(Reuters) – Ukraine’s human rights commissioner accused Russia on Thursday of refusing to agree new exchanges of prisoners of war after a stretch of three months in which no swaps have been reported.
Kyiv and Moscow have held many prisoner swaps since the early months of Russia’s invasion in February 2022. But their intensity dropped in 2023 and the last one took place in early August.
“Exchanges don’t happen because Russia doesn’t want them to,” said Dmytro Lubinets, the human rights ombudsman who has regularly had a role in prisoner exchanges in the past.
“All the initiatives, desires and actions of Ukraine regarding the return of our defenders from captivity are met by a Russian unwillingness to return its citizens,” he said on Telegram messenger.
He added that Russian prisoners held in Ukraine had expressed a wish to be exchanged.
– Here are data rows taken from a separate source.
lemma qiso_ldual_B_data_A_data:
  assumes "finite X"
  shows "qiso (ldual (B_data X d :: ('v set, 'a::field) qdata)) (A_data X (\<lambda>n. - d n))"
  unfolding A_data_eq B_data_eq ldual_eq pquiver_uminus
  by (intro qiso_if_genideal_eq genideal_path_ring_eq_by_reduction assms dual_relations_carrier
      A_relations_uminus_subset_dual_B dual_relations_diff A_relation_within_support_of_dual_B)

theorem lemma4p2p3:
  fixes X :: "'v set set" and \<delta> :: "nat \<Rightarrow> int"
  assumes "simplicial_complex X" and "finite X" and "sc_connected X"
    and "cellular_perversity \<delta>"
  shows "qiso (ldual (A_data X \<delta> :: ('v set, 'a::field_char_0) qdata)) (B_data X (\<lambda>n. - \<delta> n)) \<and>
         qiso (ldual (B_data X \<delta> :: ('v set, 'a::field_char_0) qdata)) (A_data X (\<lambda>n. - \<delta> n))"
  by (intro conjI qiso_ldual_A_data_B_data qiso_ldual_B_data_A_data assms(2))

end
lemma racah_phi_PC_next:
  fixes a b c :: "'a::field_char_0"
  assumes "r \<le> i"
  shows "racah_phi a b c d (Suc r) * racah_PC a b c d (Suc r) i
    = - (of_nat i - of_nat r) * (a + b - c + of_nat d / 2 - of_nat r) * racah_PC a b c d r i"
proof (cases "r = i")
  case False
  let ?g = "racah_gC a b c d"
  define Q where "Q = (\<Prod>k = Suc r..<i. ?g (of_nat k))"
  have "(of_nat (Suc r * (i choose Suc r)) :: 'a) = of_nat ((i - r) * (i choose r))"
    by (simp only: binomial_Suc_right_mult)
  then have bin: "(of_nat r + 1) * of_nat (i choose Suc r) = (of_nat i - of_nat r :: 'a) * of_nat (i choose r)"
    using assms by (simp add: of_nat_diff algebra_simps)
  have "racah_phi a b c d (Suc r) * racah_PC a b c d (Suc r) i
      = - ((of_nat r + 1) * of_nat (i choose Suc r)) * (a + b - c + of_nat d / 2 - of_nat r) * (?g (of_nat r) * Q)"
    by (simp add: racah_PC_def racah_phi_Suc Q_def algebra_simps)
  also have "\<dots> = - ((of_nat i - of_nat r) * of_nat (i choose r)) * (a + b - c + of_nat d / 2 - of_nat r) * (?g (of_nat r) * Q)"
    by (simp only: bin)
  also have "\<dots> = - (of_nat i - of_nat r) * (a + b - c + of_nat d / 2 - of_nat r)
      * (of_nat (i choose r) * (?g (of_nat r) * Q))"
    by (simp only: mult_minus_left mult_minus_right ac_simps)
  also have "of_nat (i choose r) * (?g (of_nat r) * Q) = racah_PC a b c d r i"
    using assms False by (simp add: racah_PC_def Q_def prod.atLeast_Suc_lessThan)
  finally show ?thesis .
qed (simp add: racah_PC_def)

lemma racah_PC_widen:
  fixes a b c :: "'a::field_char_0"
  assumes "r \<le> i"
  shows "(of_nat i - of_nat r + 1) * racah_PC a b c d r (Suc i)
    = (of_nat i + 1) * racah_gC a b c d (of_nat i) * racah_PC a b c d r i"
proof -
  have "(of_nat (Suc i - r) :: 'a) * of_nat (Suc i choose r) = of_nat (Suc i) * of_nat (i choose r)"
    unfolding of_nat_mult[symmetric] using binomial_absorb_comp[of "Suc i" r] by simp
  then have bin: "(of_nat i - of_nat r + 1) * of_nat (Suc i choose r) = (of_nat i + 1 :: 'a) * of_nat (i choose r)"
    using assms by (simp add: of_nat_diff algebra_simps)
  have "(of_nat i - of_nat r + 1) * racah_PC a b c d r (Suc i)
      = ((of_nat i - of_nat r + 1) * of_nat (Suc i choose r))
        * (\<Prod>k = r..<i. racah_gC a b c d (of_nat k)) * racah_gC a b c d (of_nat i)"
    using assms by (simp add: racah_PC_def mult.assoc)
  then show ?thesis by (simp add: bin racah_PC_def)
qed

text \<open>Entry \<open>(r, i)\<close> of \<open>racah_C * racah_PC_mat = racah_PC_mat * racah_LC\<close>.\<close>

lemma racah_PC_recurrence:
  fixes a b c :: "'a::field_char_0"
  shows "(racah_delta a b c d - racah_theta a d r - racah_theta b d r - racah_theta c d i) * racah_PC a b c d r i
    - (if 0 < r then racah_PC a b c d (r - 1) i else 0)
    - racah_phi a b c d (Suc r) * racah_PC a b c d (Suc r) i + racah_PC a b c d r (Suc i) = 0"
    (is "?K * ?p - ?prev - ?next + ?widen = 0")
proof -
  consider (above) "Suc i < r" | (corner) "r = Suc i" | (below) "r \<le> i" by linarith
  then show ?thesis
  proof cases
    case below
    have "(of_nat i - of_nat r + 1) * (?K * ?p - ?prev - ?next + ?widen)
      = (of_nat i - of_nat r + 1) * (?K * ?p) - (of_nat i - of_nat r + 1) * ?prev
        - (of_nat i - of_nat r + 1) * ?next + (of_nat i - of_nat r + 1) * ?widen"
      by (simp only: distrib_left right_diff_distrib)
    also have "\<dots> = ((of_nat i - of_nat r + 1) * ?K - of_nat r * racah_gC a b c d (of_nat r - 1)
         + (of_nat i + 1) * racah_gC a b c d (of_nat i)
         + (of_nat i - of_nat r + 1) * (of_nat i - of_nat r) * (a + b - c + of_nat d / 2 - of_nat r)) * ?p"
      unfolding racah_PC_prev[OF below] racah_phi_PC_next[OF below] racah_PC_widen[OF below]
      by (simp add: field_simps)
    also have "\<dots> = 0"
      using racah_C_eigen_identity[where a=a and b=b and c=c and d=d and r=r and i=i] by simp
    finally have "(of_nat i - of_nat r + 1) * (?K * ?p - ?prev - ?next + ?widen) = 0" .
    moreover have "(of_nat (Suc i - r) :: 'a) \<noteq> 0"
      using below by (simp only: of_nat_eq_0_iff)
    then have "(of_nat i - of_nat r + 1 :: 'a) \<noteq> 0"
      using below by (simp add: of_nat_diff algebra_simps)
    ultimately show ?thesis by (simp only: mult_eq_0_iff) blast
  qed (simp_all add: racah_PC_def binomial_eq_0)
qed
“No one from the Russian side wants to take them back,” he said.
The Russian Defence Ministry did not immediately respond to a request for comment.
In November, the Ukrainian government said it had registered 3,574 Ukrainian military and 763 civilians taken into Russian or Moscow-backed separatists’ captivity since 2014.
The figure included those who have already returned to Ukraine, it said. However, it said the numbers did not show all the current prisoners.
Ukraine has already brought back 2,598 people from Russian captivity during 48 swaps, the Strategic Communications Department of the Armed Forces said on Tuesday.
Reuters could not independently verify the figures.